A final series of experiments was conducted to determine the effects of increasing concentrations of DTT on the secretion of the 13-K4 isoform from McA cells. These studies revealed that addition of higher concentrations of DTT (5–10 mM) progressively eliminated secretion of the 13-K4 apo[a] isoform (Fig. 3D). These findings suggest that the folding of apo[a] isoforms containing the K4 type 2 domain (13-K4 and 17-K4) requires higher concentrations of DTT to disrupt disulfide bond formation and eliminate secretion than the truncated isoforms (6-K4 and 9-K4).

Kinetics of refolding and secretion of apo[a]: effect of apo[a] size
Studies detailed above suggest that the effects of DTT are reversible. In order to examine the kinetics of refolding, studies were undertaken in McA cells expressing different apo[a] isoforms in which pulse and chase studies were conducted in the presence of DTT, followed by a washout and a further chase in the absence of DTT. The results demonstrate that, as in HepG2 cells, apo[a] isoforms containing 6-, 13-, or 17-K4 repeats undergo complete refolding with resumption of secretion following the removal of DTT (Fig. 4A) . In addition, these studies demonstrate that the time to maximal secretion of the larger isoforms is longer than that observed for the shorter isoforms (120 min for the 6-K4 vs. 180 min for the 13-K4 vs. 240 min for the 17-K 4 species) (Fig. 4A). The time course for apo[a] secretion following DTT removal is again similar to that routinely observed in cells unexposed to DTT (24, 30) (Fig. 4B, C), reinforcing the suggestion that the effects of DTT on apo[a] secretion are completely reversible for all isoforms.

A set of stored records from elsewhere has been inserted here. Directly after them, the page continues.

(* Let $H$ be a real or complex Hilbert space of dimension $n$, let $N\ge n$, let $F=\{f_i\}_{i=1}^N$ be a frame for $H$ with frame operator $S_F$, and let $\{q_i\}_{i=1}^N$ be a weight number sequence. Set $c=\max\{q_i\|f_i\|\,\|S_F^{-1}f_i\|:1\le i\le N\}$, $\varrho_1=\{i:q_i\|f_i\|\,\|S_F^{-1}f_i\|=c\}$, $\varrho_2=\{1,\dots,N\}\setminus\varrho_1$, and $H_j=\operatorname{span}\{f_i:i\in\varrho_j\}$ for $j=1,2$. If $H_1\cap H_2=\{0\}$, then the canonical dual $\{S_F^{-1}f_i\}_{i=1}^N$ is a 1-erasure probabilistic optimal dual of $F$.
   Context: Inner products are linear in the first argument. A frame for $H$ is a finite sequence spanning $H$. Analysis operator: $\Theta_F f=(\langle f,f_i\rangle)_i$. Synthesis operator: $\Theta_G^*(c)=\sum_ic_ig_i$. Frame operator: $S_F=\Theta_F^*\Theta_F$. A dual of $F$ is a frame $G=\{g_i\}_{i=1}^N$ with $f=\sum_i\langle f,f_i\rangle g_i=\sum_i\langle f,g_i\rangle f_i$ for all $f$. A probability sequence satisfies $0\le p_i\le1$ and $\sum p_i=1$. Weight numbers: $q_i=\frac{\sum_jp_j}{\sum_jp_j-p_i}\cdot\frac{N-1}{n}$ (assumed well defined). $\mathcal{D}_1^p$ is the set of $N\times N$ diagonal matrices with exactly one nonzero diagonal entry, equal to $q_i$ in position $(i,i)$. $d_1^p(F,G)=\max\{\|\Theta_G^*D\Theta_F\|:D\in\mathcal{D}_1^p\}$ (operator norm); this equals $\max_i q_i\|f_i\|\,\|g_i\|$. A dual $G$ of $F$ is a 1-erasure probabilistic optimal dual of $F$ if $d_1^p(F,G)=\inf\{d_1^p(F,G'):G'\text{ a dual of }F\}$. *)

theory Defs
  imports "HOL-Analysis.Analysis"
begin

text \<open>The n-dimensional Hilbert space H is modelled (up to isometric isomorphism) as
  'k^'n with 'k = real or 'k = complex and the standard inner product, linear in the
  first argument.  The frame is indexed by 0..N-1.  All notions below are parametrised
  by the inner product ip.\<close>

definition rip :: "real^'n \<Rightarrow> real^'n \<Rightarrow> real" where
  "rip x y = (\<Sum>i\<in>UNIV. x$i * y$i)"

definition cip :: "complex^'n \<Rightarrow> complex^'n \<Rightarrow> complex" where
  "cip x y = (\<Sum>i\<in>UNIV. x$i * cnj (y$i))"

definition is_frame :: "nat \<Rightarrow> (nat \<Rightarrow> 'k::field^'n) \<Rightarrow> bool" where
  "is_frame N F \<longleftrightarrow> vec.span (F ` {..<N}) = UNIV"

definition analysis_op :: "('k^'n \<Rightarrow> 'k^'n \<Rightarrow> 'k) \<Rightarrow> nat \<Rightarrow> (nat \<Rightarrow> 'k::field^'n) \<Rightarrow> 'k^'n \<Rightarrow> (nat \<Rightarrow> 'k)" where
  "analysis_op ip N F f = (\<lambda>i. if i < N then ip f (F i) else 0)"

definition synthesis_op :: "nat \<Rightarrow> (nat \<Rightarrow> 'k::field^'n) \<Rightarrow> (nat \<Rightarrow> 'k) \<Rightarrow> 'k^'n" where
  "synthesis_op N G c = (\<Sum>i<N. c i *s G i)"

definition frame_op :: "('k^'n \<Rightarrow> 'k^'n \<Rightarrow> 'k) \<Rightarrow> nat \<Rightarrow> (nat \<Rightarrow> 'k::field^'n) \<Rightarrow> 'k^'n \<Rightarrow> 'k^'n" where
  "frame_op ip N F = synthesis_op N F \<circ> analysis_op ip N F"

definition canonical_dual :: "('k^'n \<Rightarrow> 'k^'n \<Rightarrow> 'k) \<Rightarrow> nat \<Rightarrow> (nat \<Rightarrow> 'k::field^'n) \<Rightarrow> nat \<Rightarrow> 'k^'n" where
  "canonical_dual ip N F = (\<lambda>i. inv (frame_op ip N F) (F i))"

definition is_dual :: "('k^'n \<Rightarrow> 'k^'n \<Rightarrow> 'k) \<Rightarrow> nat \<Rightarrow> (nat \<Rightarrow> 'k::field^'n) \<Rightarrow> (nat \<Rightarrow> 'k^'n) \<Rightarrow> bool" where
  "is_dual ip N F G \<longleftrightarrow> is_frame N G \<and>
     (\<forall>f. f = (\<Sum>i<N. ip f (F i) *s G i) \<and> f = (\<Sum>i<N. ip f (G i) *s F i))"

definition prob_seq :: "nat \<Rightarrow> (nat \<Rightarrow> real) \<Rightarrow> bool" where
  "prob_seq N p \<longleftrightarrow> (\<forall>i<N. 0 \<le> p i \<and> p i \<le> 1) \<and> (\<Sum>i<N. p i) = 1"

definition weight :: "nat \<Rightarrow> nat \<Rightarrow> (nat \<Rightarrow> real) \<Rightarrow> nat \<Rightarrow> real" where
  "weight n N p i = (\<Sum>j<N. p j) / ((\<Sum>j<N. p j) - p i) * (real N - 1) / real n"

text \<open>The diagonal matrix in D_1^p whose only nonzero entry is q_i at position (i,i),
  acting on sequences.\<close>
definition diag1 :: "nat \<Rightarrow> nat \<Rightarrow> (nat \<Rightarrow> real) \<Rightarrow> nat \<Rightarrow> (nat \<Rightarrow> 'k::real_normed_algebra_1) \<Rightarrow> (nat \<Rightarrow> 'k)" where
  "diag1 n N p i c = (\<lambda>j. if j = i then of_real (weight n N p i) * c j else 0)"

definition d1p :: "('k^'n \<Rightarrow> 'k^'n \<Rightarrow> 'k) \<Rightarrow> nat \<Rightarrow> (nat \<Rightarrow> real) \<Rightarrow> (nat \<Rightarrow> 'k::{field,real_normed_algebra_1}^'n) \<Rightarrow> (nat \<Rightarrow> 'k^'n) \<Rightarrow> real" where
  "d1p ip N p F G = Max ((\<lambda>i. onorm (synthesis_op N G \<circ> diag1 CARD('n) N p i \<circ> analysis_op ip N F)) ` {..<N})"

definition prob_optimal_dual :: "('k^'n \<Rightarrow> 'k^'n \<Rightarrow> 'k) \<Rightarrow> nat \<Rightarrow> (nat \<Rightarrow> real) \<Rightarrow> (nat \<Rightarrow> 'k::{field,real_normed_algebra_1}^'n) \<Rightarrow> (nat \<Rightarrow> 'k^'n) \<Rightarrow> bool" where
  "prob_optimal_dual ip N p F G \<longleftrightarrow> is_dual ip N F G \<and>
     d1p ip N p F G = Inf {d1p ip N p F G' | G'. is_dual ip N F G'}"

definition split_condition :: "('k^'n \<Rightarrow> 'k^'n \<Rightarrow> 'k) \<Rightarrow> nat \<Rightarrow> (nat \<Rightarrow> real) \<Rightarrow> (nat \<Rightarrow> 'k::{field,real_normed_algebra_1}^'n) \<Rightarrow> bool" where
  "split_condition ip N p F \<longleftrightarrow>
    (let a = (\<lambda>i. weight CARD('n) N p i * norm (F i) * norm (canonical_dual ip N F i));
         c = Max (a ` {..<N});
         \<rho>1 = {i\<in>{..<N}. a i = c};
         \<rho>2 = {..<N} - \<rho>1
     in vec.span (F ` \<rho>1) \<inter> vec.span (F ` \<rho>2) = {0})"

end

theory Submission
  imports Defs
begin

View larger version (41K): [in this window] [in a new window]   Fig. 4. Size dependent secretion of apo[a] in transfected McA-RH7777 cells after DTT removal. A: McA-RH7777 cells expressing a 6-, 13-, or 17-K4 apo[a] isoform were pulse labeled for 30 min and chased for 3 h in the presence of 2 mM DTT. The DTT was then washed out by three brief washes with PBS and the cells rechased (chase 2) for the indicated times in the absence of DTT. Apo[a] was immunoprecipitated from the lysates (left panel) and media (right panel) and analyzed by SDS-PAGE under reducing conditions. This is a representative of three replicate experiments. B: McA-RH7777 cells expressing the 6-K4 (B) and the 13-K4 (C) were pulse labeled for 10 min or 30 min, respectively, and chased for the indicated times in the absence of DTT. Apo[a] immunoprecipitates from lysates and media were analyzed by SDS-PAGE under reducing conditions.

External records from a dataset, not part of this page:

lemma emeasure_density_layer_cake:
  fixes h :: "'a \<Rightarrow> real"
  assumes M: "sigma_finite_measure M" and h[measurable]: "h \<in> borel_measurable M"
    and h_nonneg: "\<And>x. 0 \<le> h x" and K[measurable]: "K \<in> sets M"
  shows "emeasure (density M h) K
       = (\<integral>\<^sup>+t. indicator {0<..} t * emeasure M {x\<in>space M. x \<in> K \<and> t \<le> h x} \<partial>lborel)"
proof -
  interpret pair_sigma_finite M "lborel :: real measure"
    using M by (simp add: pair_sigma_finite_def sigma_finite_lborel)
  define f where "f = (\<lambda>(x, t::real). indicator {(x, t). x \<in> K \<and> 0 < t \<and> t \<le> h x} (x, t) :: ennreal)"
  have f_measurable: "f \<in> borel_measurable (M \<Otimes>\<^sub>M lborel)"
    unfolding f_def by measurable
  have "emeasure (density M h) K = (\<integral>\<^sup>+x. ennreal (h x) * indicator K x \<partial>M)"
    by (simp add: emeasure_density)
  also have "\<dots> = (\<integral>\<^sup>+x. (\<integral>\<^sup>+t. f (x, t) \<partial>lborel) \<partial>M)"
  proof (intro nn_integral_cong)
    fix x
    have "(\<integral>\<^sup>+t. f (x, t) \<partial>lborel) = (\<integral>\<^sup>+t. indicator K x * indicator {0<..h x} t \<partial>lborel)"
      by (intro nn_integral_cong) (auto simp: f_def indicator_def)
    then show "ennreal (h x) * indicator K x = (\<integral>\<^sup>+t. f (x, t) \<partial>lborel)"
      using h_nonneg[of x] by (simp add: nn_integral_cmult mult.commute)
  qed
  also have "\<dots> = (\<integral>\<^sup>+t. (\<integral>\<^sup>+x. f (x, t) \<partial>M) \<partial>lborel)"
    by (rule Fubini[OF f_measurable, symmetric])
  also have "\<dots> = (\<integral>\<^sup>+t. indicator {0<..} t * emeasure M {x\<in>space M. x \<in> K \<and> t \<le> h x} \<partial>lborel)"
  proof (intro nn_integral_cong)
    fix t :: real
    have "(\<integral>\<^sup>+x. f (x, t) \<partial>M) = (\<integral>\<^sup>+x. indicator {0<..} t * indicator {x\<in>space M. x \<in> K \<and> t \<le> h x} x \<partial>M)"
      by (intro nn_integral_cong) (auto simp: f_def indicator_def)
    then show "(\<integral>\<^sup>+x. f (x, t) \<partial>M) = indicator {0<..} t * emeasure M {x\<in>space M. x \<in> K \<and> t \<le> h x}"
      by (simp add: nn_integral_cmult)
  qed
  finally show ?thesis .
qed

View larger version (71K): [in this window] [in a new window]   Fig. 5. Folding and secretion of newly synthesized apo[a] in the absence of DTT. McA-RH7777 cells expressing the 6-K4 (A) or the 13-K4 (B) were pulse labeled for 10 (6-K4) or 30 min (13-K4) and chased for the indicated times in the absence of DTT. Apo[a] was immunoprecipitated from lysates and analyzed by 4–15% SDS-PAGE under either reducing or nonreducing conditions. Migration of p-apo[a] and mature form of apo[a] is indicated. This is a representative of duplicate experiments.

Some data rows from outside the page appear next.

lemma one_minus_tanh_eq: "1 - tanh (t::real) = exp (- 2 * t) * (1 + tanh t)"
proof -
  define e where "e = exp (- 2 * t)"
  have "e > 0"
    by (simp add: e_def)
  then show ?thesis
    unfolding tanh_real_altdef e_def[symmetric] by (simp add: field_simps)
qed

section \<open>Reversible chains on countable state spaces\<close>

text \<open>The outflows \<open>\<Sum>y. c x y * (u y - u x)\<close> are nonpositive and add up to the total flux,
  which vanishes by antisymmetry.\<close>

lemma superharmonic_bounded_imp_harmonic:
  fixes c :: "'a \<Rightarrow> 'a \<Rightarrow> real" and u :: "'a \<Rightarrow> real"
  assumes sym: "\<And>x y. x \<in> S \<Longrightarrow> y \<in> S \<Longrightarrow> c x y = c y x"
    and c_summable: "(\<lambda>(x, y). c x y) summable_on S \<times> S"
    and u_bounded: "\<And>x. x \<in> S \<Longrightarrow> \<bar>u x\<bar> \<le> M"
    and superharmonic: "\<And>x. x \<in> S \<Longrightarrow> (\<Sum>\<^sub>\<infinity>y\<in>S. c x y * (u y - u x)) \<le> 0"
    and x: "x \<in> S"
  shows "(\<Sum>\<^sub>\<infinity>y\<in>S. c x y * (u y - u x)) = 0"
proof -
  define F where "F a b = c a b * (u b - u a)" for a b
  define g where "g a = (\<Sum>\<^sub>\<infinity>b\<in>S. F a b)" for a
  have "(\<lambda>p. c (fst p) (snd p) * (u (snd p) - u (fst p))) summable_on S \<times> S"
  proof (rule summable_on_mult_bounded_real)
    show "(\<lambda>p. c (fst p) (snd p)) summable_on S \<times> S"
      using c_summable by (simp add: case_prod_unfold)
    show "\<bar>u (snd p) - u (fst p)\<bar> \<le> 2 * M" if "p \<in> S \<times> S" for p
      using u_bounded[of "fst p"] u_bounded[of "snd p"] that by fastforce
  qed
  then have F_summable: "(\<lambda>(a, b). F a b) summable_on S \<times> S"
    by (simp add: F_def case_prod_unfold)
  have "(\<Sum>\<^sub>\<infinity>a\<in>S. g a) = (\<Sum>\<^sub>\<infinity>(a, b)\<in>S \<times> S. F a b)"
    using infsum_Sigma'_banach[OF F_summable] by (simp add: g_def)
  also have "\<dots> = 0"
  proof (rule infsum_antisymmetric_eq_0)
    fix a b assume "a \<in> S" "b \<in> S"
    then show "(case (b, a) of (a, b) \<Rightarrow> F a b) = - (case (a, b) of (a, b) \<Rightarrow> F a b)"
      by (simp add: F_def sym[of b a] algebra_simps)
  qed
  finally have "(\<Sum>\<^sub>\<infinity>a\<in>S. - g a) \<le> 0"
    by (simp add: infsum_uminus)
  moreover have "(\<lambda>a. - g a) summable_on S"
    using summable_on_Sigma_banach[OF F_summable] summable_on_uminus by (force simp: g_def)
  moreover have "- g a \<ge> 0" if "a \<in> S" for a
    using superharmonic[OF that] by (simp add: g_def F_def)
  ultimately have "- g x = 0"
    using nonneg_infsum_le_0D[of "\<lambda>a. - g a" S x] x by blast
  then show ?thesis
    by (simp add: g_def F_def)
qed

View larger version (35K): [in this window] [in a new window]   Fig. 6. Sensitivity of the 6-K4 and the 13-K4 apo[a] isoforms to posttranslational addition of DTT in McA-RH7777 cells. Top panel: McA-RH7777 cells expressing the 6-K4 (A) or the 13-K4 (B) apo[a] isoform were pulse labeled for 10 min or 30 min, respectively and chased for 0 min, 10 min, 30 min, 60 min, 120 min, and 180 min in control medium before the addition of 2 mM DTT. The chase was then continued up to 4 h. Control cells (ct) were examined in parallel without DTT addition. Apo[a] was immunoprecipitated from cell lysates and media and analyzed by 4–12% SDS under reducing conditions. Migration of p-apo[a] and mature form of apo[a] is indicated by the arrows. Secretion (percentage of control) for a single experiment is shown. This is a representative of two replicate experiments with similar findings.

Chaperone protein interactions with apo[a] are altered in the presence of DTT
Previous studies have demonstrated that alterations in apo[a] processing as a result of modifications in N-linked carbohydrate addition are associated with changes in the kinetics of association of the precursor form with chaperone proteins, including calnexin, calreticulin, and BiP (23, 24). In order to understand the mechanisms underlying the alterations noted in secretion of apo[a] in the presence of DTT, studies were conducted using McA cells expressing a 13-K4 isoform in which the association of newly synthesized apo[a] with these different chaperone proteins was examined by sequential immunoprecipitation. Cells were pulsed for 30 min and chased for up to 3 h in the presence of DTT, following which a second chase was conducted for 3 h in the absence of DTT (Fig. 7 , upper panel). The results of these studies demonstrate that apo[a] associates with calnexin, calreticulin, and BiP throughout the 3 h chase in the presence of DTT (Fig. 7A–C). Only the precursor form of apo[a] was demonstrated in these coimmunoprecipitation experiments, findings consistent with previously published observations (23, 24). Following washout of DTT, the association of apo[a] with all three chaperone proteins examined was found to diminish in conjunction with the appearance, as early as 30 min of the second chase, of apo[a] in the media (Fig. 7D).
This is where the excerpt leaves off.